◆ **RECORDS PROVIDED**:
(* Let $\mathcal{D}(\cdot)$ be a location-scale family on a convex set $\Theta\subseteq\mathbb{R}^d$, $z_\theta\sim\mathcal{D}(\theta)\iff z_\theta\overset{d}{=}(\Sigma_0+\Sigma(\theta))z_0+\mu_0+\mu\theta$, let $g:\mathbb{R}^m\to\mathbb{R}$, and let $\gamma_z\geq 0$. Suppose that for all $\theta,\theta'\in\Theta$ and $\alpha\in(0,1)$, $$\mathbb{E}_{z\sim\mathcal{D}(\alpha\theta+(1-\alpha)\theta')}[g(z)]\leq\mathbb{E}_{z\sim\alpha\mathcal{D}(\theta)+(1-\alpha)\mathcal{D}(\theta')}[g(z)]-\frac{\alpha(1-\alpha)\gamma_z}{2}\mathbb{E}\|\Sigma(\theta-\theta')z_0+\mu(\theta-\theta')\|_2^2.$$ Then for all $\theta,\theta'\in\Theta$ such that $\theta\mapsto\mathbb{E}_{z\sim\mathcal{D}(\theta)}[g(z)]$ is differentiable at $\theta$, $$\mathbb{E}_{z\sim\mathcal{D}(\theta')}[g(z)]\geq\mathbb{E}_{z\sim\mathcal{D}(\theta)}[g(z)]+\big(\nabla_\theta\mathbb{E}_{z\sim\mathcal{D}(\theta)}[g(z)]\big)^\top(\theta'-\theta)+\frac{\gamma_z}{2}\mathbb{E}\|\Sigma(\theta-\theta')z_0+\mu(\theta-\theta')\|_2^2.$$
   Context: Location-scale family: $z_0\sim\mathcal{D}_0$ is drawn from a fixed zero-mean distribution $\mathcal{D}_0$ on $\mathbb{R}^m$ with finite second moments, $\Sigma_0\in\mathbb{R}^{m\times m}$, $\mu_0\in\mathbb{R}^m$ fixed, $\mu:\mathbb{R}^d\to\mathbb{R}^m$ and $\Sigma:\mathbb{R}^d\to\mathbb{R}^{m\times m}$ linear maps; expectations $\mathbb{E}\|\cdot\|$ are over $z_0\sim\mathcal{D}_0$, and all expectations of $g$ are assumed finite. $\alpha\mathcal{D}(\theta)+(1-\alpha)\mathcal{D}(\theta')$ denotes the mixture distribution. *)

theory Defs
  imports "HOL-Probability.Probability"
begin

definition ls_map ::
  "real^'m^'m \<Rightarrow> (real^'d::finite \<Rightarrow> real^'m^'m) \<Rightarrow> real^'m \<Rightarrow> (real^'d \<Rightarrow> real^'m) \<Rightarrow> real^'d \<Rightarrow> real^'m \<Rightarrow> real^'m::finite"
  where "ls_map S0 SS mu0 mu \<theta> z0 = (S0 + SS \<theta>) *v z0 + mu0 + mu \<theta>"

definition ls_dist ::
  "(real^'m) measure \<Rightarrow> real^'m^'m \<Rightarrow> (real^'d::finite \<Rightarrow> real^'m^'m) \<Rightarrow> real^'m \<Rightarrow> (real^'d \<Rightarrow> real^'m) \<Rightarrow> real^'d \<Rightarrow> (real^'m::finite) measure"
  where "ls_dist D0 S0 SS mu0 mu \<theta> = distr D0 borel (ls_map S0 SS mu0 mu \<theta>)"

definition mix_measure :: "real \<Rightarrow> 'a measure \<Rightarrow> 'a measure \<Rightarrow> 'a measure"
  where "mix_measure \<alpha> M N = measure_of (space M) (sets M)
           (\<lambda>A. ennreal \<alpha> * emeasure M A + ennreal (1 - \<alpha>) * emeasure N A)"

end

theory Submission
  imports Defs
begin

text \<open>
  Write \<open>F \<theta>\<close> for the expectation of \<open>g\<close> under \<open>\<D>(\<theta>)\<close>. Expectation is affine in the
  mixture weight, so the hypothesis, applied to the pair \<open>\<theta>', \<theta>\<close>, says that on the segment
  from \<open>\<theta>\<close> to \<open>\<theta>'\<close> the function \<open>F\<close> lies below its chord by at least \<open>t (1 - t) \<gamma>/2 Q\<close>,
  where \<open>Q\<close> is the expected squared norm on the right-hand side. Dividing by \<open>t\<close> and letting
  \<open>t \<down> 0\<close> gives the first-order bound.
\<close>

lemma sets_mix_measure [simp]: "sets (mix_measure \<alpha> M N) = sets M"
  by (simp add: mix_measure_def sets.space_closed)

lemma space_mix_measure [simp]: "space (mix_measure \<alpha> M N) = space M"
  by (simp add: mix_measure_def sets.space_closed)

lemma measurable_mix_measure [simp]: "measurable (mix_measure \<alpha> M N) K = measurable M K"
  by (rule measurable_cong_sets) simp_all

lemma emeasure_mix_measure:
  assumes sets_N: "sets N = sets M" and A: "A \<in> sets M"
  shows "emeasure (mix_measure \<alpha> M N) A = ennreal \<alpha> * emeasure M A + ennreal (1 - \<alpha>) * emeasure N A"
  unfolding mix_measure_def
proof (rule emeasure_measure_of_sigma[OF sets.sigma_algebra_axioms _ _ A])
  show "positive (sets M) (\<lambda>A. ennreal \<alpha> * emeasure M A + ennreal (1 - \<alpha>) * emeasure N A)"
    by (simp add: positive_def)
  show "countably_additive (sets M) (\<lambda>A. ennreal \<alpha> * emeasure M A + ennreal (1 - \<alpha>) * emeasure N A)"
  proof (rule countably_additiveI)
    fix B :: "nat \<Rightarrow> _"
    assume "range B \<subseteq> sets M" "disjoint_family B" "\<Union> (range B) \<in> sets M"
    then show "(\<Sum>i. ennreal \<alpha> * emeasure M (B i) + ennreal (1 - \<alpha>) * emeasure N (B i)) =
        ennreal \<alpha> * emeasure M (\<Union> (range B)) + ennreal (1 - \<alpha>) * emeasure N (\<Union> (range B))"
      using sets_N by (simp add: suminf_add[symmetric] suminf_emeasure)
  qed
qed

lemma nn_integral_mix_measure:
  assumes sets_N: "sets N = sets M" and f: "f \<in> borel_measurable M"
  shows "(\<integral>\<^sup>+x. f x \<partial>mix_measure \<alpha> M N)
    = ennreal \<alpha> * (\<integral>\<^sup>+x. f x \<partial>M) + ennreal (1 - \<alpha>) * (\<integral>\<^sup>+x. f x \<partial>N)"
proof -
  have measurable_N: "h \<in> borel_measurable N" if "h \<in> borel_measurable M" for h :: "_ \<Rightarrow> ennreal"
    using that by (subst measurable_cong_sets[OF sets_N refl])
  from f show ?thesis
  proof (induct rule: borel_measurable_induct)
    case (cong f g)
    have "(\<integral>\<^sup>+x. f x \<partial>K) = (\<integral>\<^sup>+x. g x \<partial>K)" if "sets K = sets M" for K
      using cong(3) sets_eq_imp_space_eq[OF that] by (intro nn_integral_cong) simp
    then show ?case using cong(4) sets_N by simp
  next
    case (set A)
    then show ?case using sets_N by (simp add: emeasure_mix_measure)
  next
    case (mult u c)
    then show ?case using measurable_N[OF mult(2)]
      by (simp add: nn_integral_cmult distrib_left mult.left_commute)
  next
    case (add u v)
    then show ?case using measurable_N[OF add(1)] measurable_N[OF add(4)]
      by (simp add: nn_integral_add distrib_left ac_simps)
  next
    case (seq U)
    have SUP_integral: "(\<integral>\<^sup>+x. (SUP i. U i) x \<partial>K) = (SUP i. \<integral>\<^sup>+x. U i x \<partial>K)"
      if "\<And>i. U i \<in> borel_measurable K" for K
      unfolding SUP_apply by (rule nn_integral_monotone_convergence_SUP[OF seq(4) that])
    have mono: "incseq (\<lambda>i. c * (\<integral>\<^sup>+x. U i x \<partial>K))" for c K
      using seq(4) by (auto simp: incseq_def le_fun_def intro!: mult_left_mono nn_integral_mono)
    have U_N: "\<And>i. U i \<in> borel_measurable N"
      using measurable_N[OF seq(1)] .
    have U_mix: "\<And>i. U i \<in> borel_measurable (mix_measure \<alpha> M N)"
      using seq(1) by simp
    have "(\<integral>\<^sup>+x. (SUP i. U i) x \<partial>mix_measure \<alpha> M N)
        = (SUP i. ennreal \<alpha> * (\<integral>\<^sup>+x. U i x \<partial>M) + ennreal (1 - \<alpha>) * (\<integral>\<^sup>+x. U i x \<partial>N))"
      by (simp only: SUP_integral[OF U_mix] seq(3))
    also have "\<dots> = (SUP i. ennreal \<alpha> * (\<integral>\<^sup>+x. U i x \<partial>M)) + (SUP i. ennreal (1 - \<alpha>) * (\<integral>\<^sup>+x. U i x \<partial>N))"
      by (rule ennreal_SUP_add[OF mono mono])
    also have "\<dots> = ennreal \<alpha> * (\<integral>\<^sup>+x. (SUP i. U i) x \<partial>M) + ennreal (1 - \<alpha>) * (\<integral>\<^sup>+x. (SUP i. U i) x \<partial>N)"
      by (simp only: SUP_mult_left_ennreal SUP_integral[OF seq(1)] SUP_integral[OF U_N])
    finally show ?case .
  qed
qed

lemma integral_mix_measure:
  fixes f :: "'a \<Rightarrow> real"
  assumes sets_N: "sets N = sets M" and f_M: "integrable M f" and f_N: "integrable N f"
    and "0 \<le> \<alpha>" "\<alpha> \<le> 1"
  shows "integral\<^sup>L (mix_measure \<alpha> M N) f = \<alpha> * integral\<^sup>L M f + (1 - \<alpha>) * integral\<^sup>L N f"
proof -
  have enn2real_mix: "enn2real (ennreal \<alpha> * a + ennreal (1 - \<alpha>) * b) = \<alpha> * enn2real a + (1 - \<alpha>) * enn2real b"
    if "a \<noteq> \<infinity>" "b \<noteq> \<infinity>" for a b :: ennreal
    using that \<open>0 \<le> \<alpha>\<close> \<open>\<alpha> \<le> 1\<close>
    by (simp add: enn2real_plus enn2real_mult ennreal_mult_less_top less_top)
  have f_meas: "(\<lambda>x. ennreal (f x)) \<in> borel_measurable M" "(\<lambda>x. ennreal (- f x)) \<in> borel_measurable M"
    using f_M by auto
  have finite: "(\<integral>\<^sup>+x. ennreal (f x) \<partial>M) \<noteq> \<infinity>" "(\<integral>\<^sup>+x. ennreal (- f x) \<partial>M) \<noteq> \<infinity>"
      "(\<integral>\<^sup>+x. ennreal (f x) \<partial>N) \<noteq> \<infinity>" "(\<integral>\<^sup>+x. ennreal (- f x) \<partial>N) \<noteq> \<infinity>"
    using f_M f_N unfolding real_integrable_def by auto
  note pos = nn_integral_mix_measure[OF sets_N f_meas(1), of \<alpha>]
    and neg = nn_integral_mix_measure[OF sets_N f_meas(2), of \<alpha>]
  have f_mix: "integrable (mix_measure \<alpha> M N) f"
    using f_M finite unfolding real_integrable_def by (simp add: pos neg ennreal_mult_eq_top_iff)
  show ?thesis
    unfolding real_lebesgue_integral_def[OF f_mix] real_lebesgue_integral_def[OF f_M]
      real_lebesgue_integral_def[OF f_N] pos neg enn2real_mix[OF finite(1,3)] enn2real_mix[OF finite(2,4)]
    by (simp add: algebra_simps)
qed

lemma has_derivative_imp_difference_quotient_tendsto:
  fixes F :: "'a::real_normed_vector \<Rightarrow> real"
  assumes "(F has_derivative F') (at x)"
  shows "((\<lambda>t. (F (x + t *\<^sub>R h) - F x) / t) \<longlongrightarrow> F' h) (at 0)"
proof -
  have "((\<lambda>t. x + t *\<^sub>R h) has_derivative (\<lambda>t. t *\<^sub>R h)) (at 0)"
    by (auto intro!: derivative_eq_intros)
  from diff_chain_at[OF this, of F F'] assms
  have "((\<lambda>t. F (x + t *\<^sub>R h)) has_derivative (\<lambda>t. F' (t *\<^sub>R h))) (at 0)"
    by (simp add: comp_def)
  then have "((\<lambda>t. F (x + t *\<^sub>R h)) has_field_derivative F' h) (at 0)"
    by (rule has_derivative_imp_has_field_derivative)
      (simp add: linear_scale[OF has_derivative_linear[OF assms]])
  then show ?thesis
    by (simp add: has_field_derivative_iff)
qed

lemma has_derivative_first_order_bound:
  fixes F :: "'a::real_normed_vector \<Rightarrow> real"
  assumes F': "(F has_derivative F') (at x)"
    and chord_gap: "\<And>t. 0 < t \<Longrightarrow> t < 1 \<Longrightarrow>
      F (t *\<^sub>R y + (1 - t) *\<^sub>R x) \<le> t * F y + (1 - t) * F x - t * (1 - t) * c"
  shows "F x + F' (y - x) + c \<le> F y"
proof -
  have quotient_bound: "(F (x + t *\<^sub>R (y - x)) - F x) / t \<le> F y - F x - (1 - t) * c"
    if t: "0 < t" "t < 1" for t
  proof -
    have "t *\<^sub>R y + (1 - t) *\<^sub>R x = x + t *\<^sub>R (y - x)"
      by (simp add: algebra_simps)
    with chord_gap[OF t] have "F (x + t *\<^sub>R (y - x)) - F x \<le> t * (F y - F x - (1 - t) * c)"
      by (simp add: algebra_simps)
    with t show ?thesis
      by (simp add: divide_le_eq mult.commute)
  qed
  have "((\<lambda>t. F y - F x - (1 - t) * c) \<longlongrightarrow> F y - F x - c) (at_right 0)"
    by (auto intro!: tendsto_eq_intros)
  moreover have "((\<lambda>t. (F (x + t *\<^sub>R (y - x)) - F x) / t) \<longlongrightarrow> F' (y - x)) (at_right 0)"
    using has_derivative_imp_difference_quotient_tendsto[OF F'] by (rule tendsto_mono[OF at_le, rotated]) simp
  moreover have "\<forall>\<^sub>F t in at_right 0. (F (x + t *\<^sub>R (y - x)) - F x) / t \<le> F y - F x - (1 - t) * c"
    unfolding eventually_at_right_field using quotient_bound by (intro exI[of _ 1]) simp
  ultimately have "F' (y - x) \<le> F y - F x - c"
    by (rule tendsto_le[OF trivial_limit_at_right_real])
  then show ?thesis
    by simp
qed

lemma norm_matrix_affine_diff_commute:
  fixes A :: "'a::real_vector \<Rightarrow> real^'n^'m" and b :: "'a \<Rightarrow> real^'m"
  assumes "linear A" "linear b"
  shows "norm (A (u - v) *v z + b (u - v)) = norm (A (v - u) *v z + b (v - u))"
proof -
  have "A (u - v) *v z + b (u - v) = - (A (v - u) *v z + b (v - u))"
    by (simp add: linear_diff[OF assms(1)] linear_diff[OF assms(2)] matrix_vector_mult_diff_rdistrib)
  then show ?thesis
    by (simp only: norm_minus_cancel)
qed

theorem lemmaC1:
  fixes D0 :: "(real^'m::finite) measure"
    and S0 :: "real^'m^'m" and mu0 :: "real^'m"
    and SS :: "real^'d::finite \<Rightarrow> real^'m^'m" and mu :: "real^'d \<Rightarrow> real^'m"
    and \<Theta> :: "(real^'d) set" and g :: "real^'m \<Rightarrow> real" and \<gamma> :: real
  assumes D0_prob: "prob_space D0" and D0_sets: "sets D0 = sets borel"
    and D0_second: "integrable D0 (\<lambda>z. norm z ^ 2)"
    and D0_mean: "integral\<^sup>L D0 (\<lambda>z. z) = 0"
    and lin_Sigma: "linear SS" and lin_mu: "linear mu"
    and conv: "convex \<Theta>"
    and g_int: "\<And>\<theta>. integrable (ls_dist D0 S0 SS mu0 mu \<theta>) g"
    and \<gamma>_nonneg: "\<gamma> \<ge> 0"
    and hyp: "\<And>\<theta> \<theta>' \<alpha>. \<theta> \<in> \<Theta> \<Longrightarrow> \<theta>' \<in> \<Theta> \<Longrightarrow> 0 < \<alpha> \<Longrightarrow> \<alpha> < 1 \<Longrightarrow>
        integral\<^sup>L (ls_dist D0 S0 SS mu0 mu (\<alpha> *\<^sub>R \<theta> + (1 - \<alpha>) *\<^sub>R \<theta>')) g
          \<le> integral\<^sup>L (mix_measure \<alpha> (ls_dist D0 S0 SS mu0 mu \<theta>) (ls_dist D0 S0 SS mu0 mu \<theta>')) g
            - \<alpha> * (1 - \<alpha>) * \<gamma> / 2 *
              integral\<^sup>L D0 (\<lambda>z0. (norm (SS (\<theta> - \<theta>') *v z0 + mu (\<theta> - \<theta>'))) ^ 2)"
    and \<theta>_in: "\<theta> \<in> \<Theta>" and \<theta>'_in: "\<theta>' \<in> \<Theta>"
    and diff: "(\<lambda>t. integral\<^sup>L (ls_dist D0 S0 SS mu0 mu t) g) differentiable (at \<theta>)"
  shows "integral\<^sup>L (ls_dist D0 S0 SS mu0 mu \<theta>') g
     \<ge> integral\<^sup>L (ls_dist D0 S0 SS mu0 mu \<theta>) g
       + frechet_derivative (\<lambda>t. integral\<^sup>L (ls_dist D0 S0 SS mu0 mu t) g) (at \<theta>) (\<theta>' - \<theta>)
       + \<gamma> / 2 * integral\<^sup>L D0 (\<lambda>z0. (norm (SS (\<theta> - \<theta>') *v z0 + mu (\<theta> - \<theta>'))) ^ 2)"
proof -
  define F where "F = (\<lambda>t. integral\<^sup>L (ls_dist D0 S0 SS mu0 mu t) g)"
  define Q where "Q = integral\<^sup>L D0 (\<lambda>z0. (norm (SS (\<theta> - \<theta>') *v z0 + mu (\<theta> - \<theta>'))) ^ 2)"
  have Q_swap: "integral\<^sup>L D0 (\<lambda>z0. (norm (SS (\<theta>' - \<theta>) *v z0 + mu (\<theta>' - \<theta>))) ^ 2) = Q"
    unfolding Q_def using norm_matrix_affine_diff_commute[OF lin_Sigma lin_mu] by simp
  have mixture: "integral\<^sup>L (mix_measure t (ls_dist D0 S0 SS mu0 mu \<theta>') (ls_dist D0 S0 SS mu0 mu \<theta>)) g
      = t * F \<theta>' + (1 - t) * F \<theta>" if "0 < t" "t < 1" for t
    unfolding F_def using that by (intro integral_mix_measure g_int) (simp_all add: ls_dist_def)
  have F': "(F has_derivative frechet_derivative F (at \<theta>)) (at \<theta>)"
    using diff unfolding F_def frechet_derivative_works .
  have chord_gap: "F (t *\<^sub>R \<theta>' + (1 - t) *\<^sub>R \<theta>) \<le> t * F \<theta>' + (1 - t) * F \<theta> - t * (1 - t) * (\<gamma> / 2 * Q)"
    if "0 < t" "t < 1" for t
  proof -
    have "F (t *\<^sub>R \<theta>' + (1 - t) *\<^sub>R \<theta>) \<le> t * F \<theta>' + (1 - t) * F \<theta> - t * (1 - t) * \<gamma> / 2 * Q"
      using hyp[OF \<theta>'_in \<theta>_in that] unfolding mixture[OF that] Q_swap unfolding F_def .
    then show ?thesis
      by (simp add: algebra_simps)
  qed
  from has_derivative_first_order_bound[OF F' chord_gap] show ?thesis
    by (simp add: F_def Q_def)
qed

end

--

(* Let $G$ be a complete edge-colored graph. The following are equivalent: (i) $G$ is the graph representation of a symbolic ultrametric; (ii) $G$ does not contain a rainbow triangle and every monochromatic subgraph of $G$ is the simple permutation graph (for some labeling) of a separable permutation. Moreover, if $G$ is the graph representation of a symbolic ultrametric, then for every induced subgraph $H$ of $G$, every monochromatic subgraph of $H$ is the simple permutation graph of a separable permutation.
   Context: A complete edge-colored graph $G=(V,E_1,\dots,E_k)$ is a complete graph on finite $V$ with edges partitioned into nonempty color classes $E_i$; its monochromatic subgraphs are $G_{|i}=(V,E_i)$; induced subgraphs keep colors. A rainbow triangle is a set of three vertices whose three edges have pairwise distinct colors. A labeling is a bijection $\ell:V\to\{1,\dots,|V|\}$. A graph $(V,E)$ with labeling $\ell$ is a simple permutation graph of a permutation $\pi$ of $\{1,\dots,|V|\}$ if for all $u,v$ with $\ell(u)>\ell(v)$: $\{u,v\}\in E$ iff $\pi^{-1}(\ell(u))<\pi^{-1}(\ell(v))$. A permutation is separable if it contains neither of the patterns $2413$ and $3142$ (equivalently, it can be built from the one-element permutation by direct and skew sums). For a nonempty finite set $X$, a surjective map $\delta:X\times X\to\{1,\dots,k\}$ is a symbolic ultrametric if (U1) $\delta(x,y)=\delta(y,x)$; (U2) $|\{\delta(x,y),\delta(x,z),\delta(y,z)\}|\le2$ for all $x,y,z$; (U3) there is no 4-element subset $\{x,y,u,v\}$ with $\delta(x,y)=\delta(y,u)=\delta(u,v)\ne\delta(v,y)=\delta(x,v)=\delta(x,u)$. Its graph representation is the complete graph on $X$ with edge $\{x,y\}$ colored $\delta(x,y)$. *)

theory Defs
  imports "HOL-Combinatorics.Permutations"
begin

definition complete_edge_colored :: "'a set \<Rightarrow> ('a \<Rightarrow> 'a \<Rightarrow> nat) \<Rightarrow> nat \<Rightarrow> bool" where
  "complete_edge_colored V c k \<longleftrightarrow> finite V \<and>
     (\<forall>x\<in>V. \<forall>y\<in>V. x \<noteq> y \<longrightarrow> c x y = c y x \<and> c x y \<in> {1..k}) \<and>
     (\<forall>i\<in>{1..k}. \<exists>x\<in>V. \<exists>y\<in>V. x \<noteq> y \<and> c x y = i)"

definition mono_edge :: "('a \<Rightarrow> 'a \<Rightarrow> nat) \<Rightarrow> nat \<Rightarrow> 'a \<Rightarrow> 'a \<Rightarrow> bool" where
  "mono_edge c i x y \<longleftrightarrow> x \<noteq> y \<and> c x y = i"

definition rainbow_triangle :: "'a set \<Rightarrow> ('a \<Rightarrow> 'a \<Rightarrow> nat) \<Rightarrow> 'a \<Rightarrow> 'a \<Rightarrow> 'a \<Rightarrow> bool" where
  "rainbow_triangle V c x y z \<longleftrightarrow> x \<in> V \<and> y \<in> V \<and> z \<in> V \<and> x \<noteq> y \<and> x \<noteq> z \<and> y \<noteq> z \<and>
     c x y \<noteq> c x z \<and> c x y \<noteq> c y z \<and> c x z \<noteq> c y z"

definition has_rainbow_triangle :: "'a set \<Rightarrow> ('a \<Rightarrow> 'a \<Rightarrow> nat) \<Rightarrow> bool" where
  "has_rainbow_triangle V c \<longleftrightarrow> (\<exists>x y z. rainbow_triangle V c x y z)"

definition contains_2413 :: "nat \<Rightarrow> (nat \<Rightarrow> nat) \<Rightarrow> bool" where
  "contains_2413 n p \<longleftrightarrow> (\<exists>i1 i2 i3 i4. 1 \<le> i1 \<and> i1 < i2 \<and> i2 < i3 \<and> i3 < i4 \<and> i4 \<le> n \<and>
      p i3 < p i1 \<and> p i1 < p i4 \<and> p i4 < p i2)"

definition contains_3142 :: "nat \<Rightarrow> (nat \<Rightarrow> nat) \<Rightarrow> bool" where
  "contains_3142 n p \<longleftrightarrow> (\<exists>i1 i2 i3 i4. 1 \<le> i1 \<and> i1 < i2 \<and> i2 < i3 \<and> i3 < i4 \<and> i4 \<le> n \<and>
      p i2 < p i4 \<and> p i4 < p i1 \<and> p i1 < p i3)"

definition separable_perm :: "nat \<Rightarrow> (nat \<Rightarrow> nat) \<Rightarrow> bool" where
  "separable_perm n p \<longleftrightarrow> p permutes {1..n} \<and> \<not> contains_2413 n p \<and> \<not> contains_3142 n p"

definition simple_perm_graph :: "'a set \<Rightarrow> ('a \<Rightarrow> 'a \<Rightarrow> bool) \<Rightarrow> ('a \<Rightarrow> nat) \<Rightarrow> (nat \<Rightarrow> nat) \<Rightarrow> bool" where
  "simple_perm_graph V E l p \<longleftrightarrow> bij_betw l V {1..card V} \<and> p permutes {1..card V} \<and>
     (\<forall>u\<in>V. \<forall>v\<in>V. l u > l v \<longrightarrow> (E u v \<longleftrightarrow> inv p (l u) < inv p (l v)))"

◆ **TASK INSTRUCTIONS**: Show every line of the entries above where the word "only" occurs.

◆ **SOLUTION TO THIS TASK**:
      by (simp only: SUP_integral[OF U_mix] seq(3))
      by (simp only: SUP_mult_left_ennreal SUP_integral[OF seq(1)] SUP_integral[OF U_N])
    by (simp only: norm_minus_cancel)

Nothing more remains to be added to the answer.